Daily News Clips
Office of the Chancellor / Public Affairs
Tuesday, May 4, 2004
 

Chico Enterprise-Record 4-28-04

Anti-cheating plan moves ahead at Chico State

By ROGER H. AYLWORTH

 

A second stab at establishing an anti-cheating policy is working its way through campus committees at Chico State University.

For more than a year a committee of students and faculty at Chico State has been working on a policy supporting academic honesty and promising a range of sanctions against students in plagiarism and cheating cases.

On April 6 an earlier draft of the document went before the Academic Senate an advisory board of faculty, students, staff and administrators that makes recommendations to the university president.

Criticisms and comments were made, and ultimately the Senate decided to return the proposal to committee for further massage.

This week the re-worked proposal went before a senate committee that reviews educational programs and policies.

The new proposal contains many of the same ideas, but no longer requires faculty members to take specific actions against cheating.

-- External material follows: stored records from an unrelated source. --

lemma global_distr_imp_deterministic_realization:
  assumes cover: "measurement_cover X M" and fin: "finite Os"
    and d: "is_distr (events X Os) d"
    and marg_d: "\<And>C s. C \<in> M \<Longrightarrow> s \<in> events C Os \<Longrightarrow> marg Os X C d s = e C s"
  defines "h \<equiv> \<lambda>g C. point_distr (restrict g C)"
  shows "hv_model Os M (events X Os) d h \<and> factorisable Os M (events X Os) h
    \<and> realizes Os M (events X Os) d h e"
proof (intro conjI)
  have finX: "finite X" and CX: "\<And>C. C \<in> M \<Longrightarrow> C \<subseteq> X"
    using cover by (auto simp: measurement_cover_def)
  have finC: "finite C" if "C \<in> M" for C using finite_subset[OF CX[OF that] finX] .
  have gC: "restrict g C \<in> events C Os" if "g \<in> events X Os" "C \<in> M" for g C
    using restrict_events that CX by blast
  have marg_h: "marg Os C V (h g C) s = point_distr (restrict g V) s"
    if "g \<in> events X Os" "C \<in> M" "V \<subseteq> C" for g C V s
    using marg_point_distr[OF that(3) gC[OF that(1,2)] finC[OF that(2)] fin] that(3)
    by (simp add: h_def Int_absorb1)
  show "hv_model Os M (events X Os) d h"
    unfolding hv_model_iff_no_signalling no_signalling_def
    using d gC finite_events[OF finC fin] marg_h by (auto simp: h_def is_distr_point_distr Int_commute)
  show "factorisable Os M (events X Os) h"
    unfolding factorisable_def h_def
  proof (intro ballI)
    fix g C s assume "g \<in> events X Os" "C \<in> M" "s \<in> events C Os"
    then show "point_distr (restrict g C) s
        = (\<Prod>m\<in>C. marg Os C {m} (point_distr (restrict g C)) (restrict s {m}))"
      by (intro point_distr_eq_prod_marg gC finC fin)
  qed
  show "realizes Os M (events X Os) d h e"
    unfolding realizes_def h_def
  proof (intro ballI)
    fix C s assume "C \<in> M" "s \<in> events C Os"
    then show "e C s = (\<Sum>g\<in>{g\<in>events X Os. d g \<noteq> 0}. point_distr (restrict g C) s * d g)"
      using marg_d marg_eq_mixture_point_distr[OF finX fin, of C d s] by simp
  qed
qed

lemma bij_betw_Collect:
  "bij_betw f A B \<Longrightarrow> bij_betw f {a\<in>A. P (f a)} {b\<in>B. P b}"
  by (auto simp: bij_betw_def inj_on_def image_iff)

lemma factorisable_realization_reindex:
  assumes f: "bij_betw f L' L"
    and "hv_model Os M L hL h" "factorisable Os M L h" "realizes Os M L hL h e"
  defines "hL' \<equiv> \<lambda>l. if l \<in> L' then hL (f l) else 0"
  shows "hv_model Os M L' hL' (\<lambda>l. h (f l)) \<and> factorisable Os M L' (\<lambda>l. h (f l))
    \<and> realizes Os M L' hL' (\<lambda>l. h (f l)) e"
proof -
  have supp: "{l\<in>L'. hL' l \<noteq> 0} = {l\<in>L'. hL (f l) \<noteq> 0}"
      "{l. hL' l \<noteq> 0} = {l\<in>L'. hL (f l) \<noteq> 0}"
    by (auto simp: hL'_def)
  have bij: "bij_betw f {l\<in>L'. hL (f l) \<noteq> 0} {x\<in>L. hL x \<noteq> 0}"
    using bij_betw_Collect[OF f] .
  have hL: "is_distr L hL" using assms(2) by (simp add: hv_model_def)
  have "finite {l\<in>L'. hL (f l) \<noteq> 0}"
    using bij bij_betw_finite hL is_distr_support_eq[OF hL] by (auto simp: is_distr_def)
  moreover have "sum hL' {l\<in>L'. hL (f l) \<noteq> 0} = 1"
    using sum.reindex_bij_betw[OF bij, of hL] hL is_distr_support_eq[OF hL]
    by (simp add: hL'_def is_distr_def)
  ultimately have "is_distr L' hL'"
    using supp by (auto simp: is_distr_def)
  moreover have fL: "f l \<in> L" if "l \<in> L'" for l
    using f that by (auto simp: bij_betw_def)
  moreover have "realizes Os M L' hL' (\<lambda>l. h (f l)) e"
    unfolding realizes_def
  proof (intro ballI)
    fix C s assume "C \<in> M" "s \<in> events C Os"
    then have "e C s = (\<Sum>x\<in>{x\<in>L. hL x \<noteq> 0}. h x C s * hL x)"
      using assms(4) by (simp add: realizes_def)
    also have "\<dots> = (\<Sum>l\<in>{l\<in>L'. hL (f l) \<noteq> 0}. h (f l) C s * hL (f l))"
      by (rule sum.reindex_bij_betw[OF bij, symmetric])
    also have "\<dots> = (\<Sum>l\<in>{l\<in>L'. hL' l \<noteq> 0}. h (f l) C s * hL' l)"
      unfolding supp(1) by (intro sum.cong) (auto simp: hL'_def)
    finally show "e C s = (\<Sum>l\<in>{l\<in>L'. hL' l \<noteq> 0}. h (f l) C s * hL' l)" .
  qed
  ultimately show ?thesis
    using assms(2,3) by (auto simp: hv_model_iff_no_signalling factorisable_def)
qed
text \<open>Closedness needs \<open>T \<ge> 0\<close>: it bounds the diagonals \<open>d\<close> that can occur near a given matrix,
  so locally the set is a sum of the closed psd cone and a compact set.\<close>

lemma closed_psd_above_diag_mat:
  fixes T :: "(real^'p) set"
  assumes T: "closed T" "\<forall>d\<in>T. \<forall>i. 0 \<le> d$i"
  shows "closed {M. \<exists>d\<in>T. psd (M - diag_mat d)}"
  unfolding closed_sequential_limits
proof (intro allI impI, elim conjE)
  fix Ms :: "nat \<Rightarrow> real^'p^'p" and L
  assume Ms: "\<forall>n. Ms n \<in> {M. \<exists>d\<in>T. psd (M - diag_mat d)}" and lim: "Ms \<longlonglongrightarrow> L"
  define R where "R = norm L + 1"
  define C where "C = (\<Union>P\<in>{P. psd P}. \<Union>D\<in>diag_mat ` (T \<inter> cbox 0 (\<chi> i. R)). {P + D})"
  have "compact (diag_mat ` (T \<inter> cbox 0 (\<chi> i. R)))"
    using T(1) linear_continuous_on[OF bounded_linear_diag_mat]
    by (intro compact_continuous_image closed_Int_compact) (auto intro: continuous_on_subset)
  then have "closed C"
    unfolding C_def by (intro closed_compact_sums closed_psd)
  moreover have "\<forall>\<^sub>F n in sequentially. norm (Ms n) < R"
    using tendsto_norm[OF lim] unfolding R_def by (rule order_tendstoD) simp
  then have "\<forall>\<^sub>F n in sequentially. Ms n \<in> C"
  proof (rule eventually_mono)
    fix n assume "norm (Ms n) < R"
    moreover obtain d where d: "d \<in> T" "psd (Ms n - diag_mat d)"
      using Ms by blast
    ultimately have "d \<in> cbox 0 (\<chi> i. R)"
      using psd_above_diag_mat_bound[OF d(2)] T(2) unfolding mem_box_cart
      by (smt (verit, best) vec_lambda_beta)
    then show "Ms n \<in> C"
      unfolding C_def using d by (intro UN_I[of "Ms n - diag_mat d"] UN_I[of "diag_mat d"]) auto
  qed
  ultimately have "L \<in> C"
    using Lim_in_closed_set[OF _ _ _ lim] by simp
  then obtain P d where "psd P" "d \<in> T" "L = P + diag_mat d"
    unfolding C_def by blast
  then show "L \<in> {M. \<exists>d\<in>T. psd (M - diag_mat d)}"
    by (intro CollectI bexI[of _ d]) auto
qed

text \<open>If \<open>A\<close> beats some \<open>D(d)\<close>, \<open>d \<in> T\<close>, against every psd \<open>\<Psi>\<close>, then \<open>A - D(d) \<succeq> 0\<close> for a single
  \<open>d \<in> T\<close>: otherwise a hyperplane separates \<open>A\<close> from the closed convex set \<open>T + psd cone\<close>, and its
  normal, symmetrized, is a \<open>\<Psi>\<close> violating the hypothesis.\<close>

lemma psd_minus_diag_mat_if_dominates:
  fixes A :: "real^'p^'p"
  assumes T: "convex T" "closed T" "\<forall>d\<in>T. \<forall>i. 0 \<le> d$i"
    and A: "transpose A = A"
    and dominates: "\<And>\<Psi>. psd \<Psi> \<Longrightarrow> \<exists>d\<in>T. diag_mat d \<bullet> \<Psi> \<le> A \<bullet> \<Psi>"
  shows "\<exists>d\<in>T. psd (A - diag_mat d)"
proof (rule ccontr)
  define K where "K = {M. \<exists>d\<in>T. psd (M - diag_mat d)}"
  assume "\<not> (\<exists>d\<in>T. psd (A - diag_mat d))"
  then have "A \<notin> K" unfolding K_def by blast
  then obtain P c where sepA: "P \<bullet> A < c" and sepK: "\<And>M. M \<in> K \<Longrightarrow> c < P \<bullet> M"
    using separating_hyperplane_closed_point[of K A] T
      convex_psd_above_diag_mat closed_psd_above_diag_mat unfolding K_def by blast
  have diag_in_K: "diag_mat d + M \<in> K" if "d \<in> T" "psd M" for d M
    unfolding K_def using that by (intro CollectI bexI[of _ d]) auto
  obtain d0 where "d0 \<in> T"
    using dominates[OF psd_zero] by blast
  have "0 \<le> P \<bullet> outer v v" for v
  proof (rule ccontr)
    assume neg: "\<not> 0 \<le> P \<bullet> outer v v"
    define t where "t = (\<bar>P \<bullet> diag_mat d0\<bar> + \<bar>c\<bar> + 1) / - (P \<bullet> outer v v)"
    have "0 \<le> t"
      using neg unfolding t_def by (intro divide_nonneg_pos) auto
    then have "c < P \<bullet> diag_mat d0 + t * (P \<bullet> outer v v)"
      using sepK[OF diag_in_K[OF \<open>d0 \<in> T\<close> psd_scaleR[OF _ psd_outer]]] by (simp add: inner_add_right)
    moreover have "t * (P \<bullet> outer v v) = - (\<bar>P \<bullet> diag_mat d0\<bar> + \<bar>c\<bar> + 1)"
      using neg by (simp add: t_def)
    ultimately show False by linarith
  qed
  then obtain d where "d \<in> T" and le: "diag_mat d \<bullet> ((1/2) *\<^sub>R (P + transpose P)) \<le> A \<bullet> ((1/2) *\<^sub>R (P + transpose P))"
    using dominates[OF psd_symmetric_part] by blast
  have "c < P \<bullet> diag_mat d"
    using sepK diag_in_K[OF \<open>d \<in> T\<close> psd_zero] by simp
  also have "\<dots> = (1/2) *\<^sub>R (P + transpose P) \<bullet> diag_mat d"
    by (rule inner_symmetric_part[OF transpose_diag_mat, symmetric])
  also have "\<dots> \<le> (1/2) *\<^sub>R (P + transpose P) \<bullet> A"
    using le by (simp only: inner_commute)
  also have "\<dots> = P \<bullet> A"
    by (rule inner_symmetric_part[OF A])
  finally show False
    using sepA by simp
qed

Instead it makes recommendations about the sort of things the faculty could do.

At the heart of the proposal is a one-sentence "Academic Integrity Statement."

"The faculty, staff and students at CSU, Chico are committed to a culture of honesty in which members of the community accept responsibility to uphold academic integrity in all they say, write and create," says the statement.

Where individuals have cheated the instructor in the course may "impose appropriate academic sanctions for violations, which may range from assigning a zero or "F" grade on an assignment to an "F" in the course."

It also says the university may also impose penalties that can include "expulsion, suspension, probation, withdrawal of a degree."

After spending nearly an hour and a half working over specific language in the draft, Gayle Hutchinson, who chairs the Educational Policies and Programs Committee, and also heads the campus department of physical education and exercise science, sought a "consensus" of the panel to send the document on to the full senate next week.

While the committee members apparently agreed with the idea of sending the proposal forward, at least one, political science Professor Paul Persons, made it clear that didn't mean he was entirely in favor of the proposal.

Earlier in the meeting Persons had questioned the lengths to which the faculty was being asked to go in informing students about the topic of academic cheating, and then monitoring student behavior to prevent cheating.

"I believe in treating students like adults," said Persons.

He suggested giving students the opportunity to cheat "and when they cheat we bust them" might be a more effective deterrent.

"I don't believe in pampering students and they should be treated as adults. If they cheat, they should be punished," said Persons.

He went on to say law enforcement officers regularly use sting operations to catch those trying to buy drugs or solicit prostitution, and cheating could be treated the same way at the university.

He also said he wanted a "full debate" before the senate on topics related to confidentiality in dealing with cheats, and the right of students to be represented by attorneys when they face an accusation of cheating.

Wendy Diamond, a member of the committee who works in the campus library, said her understanding is the right to counsel is a matter that has to be decided by the chancellor of the California State University system, and is beyond campus control.

The academic honesty proposal will go before the campus senate at its meeting next Tuesday.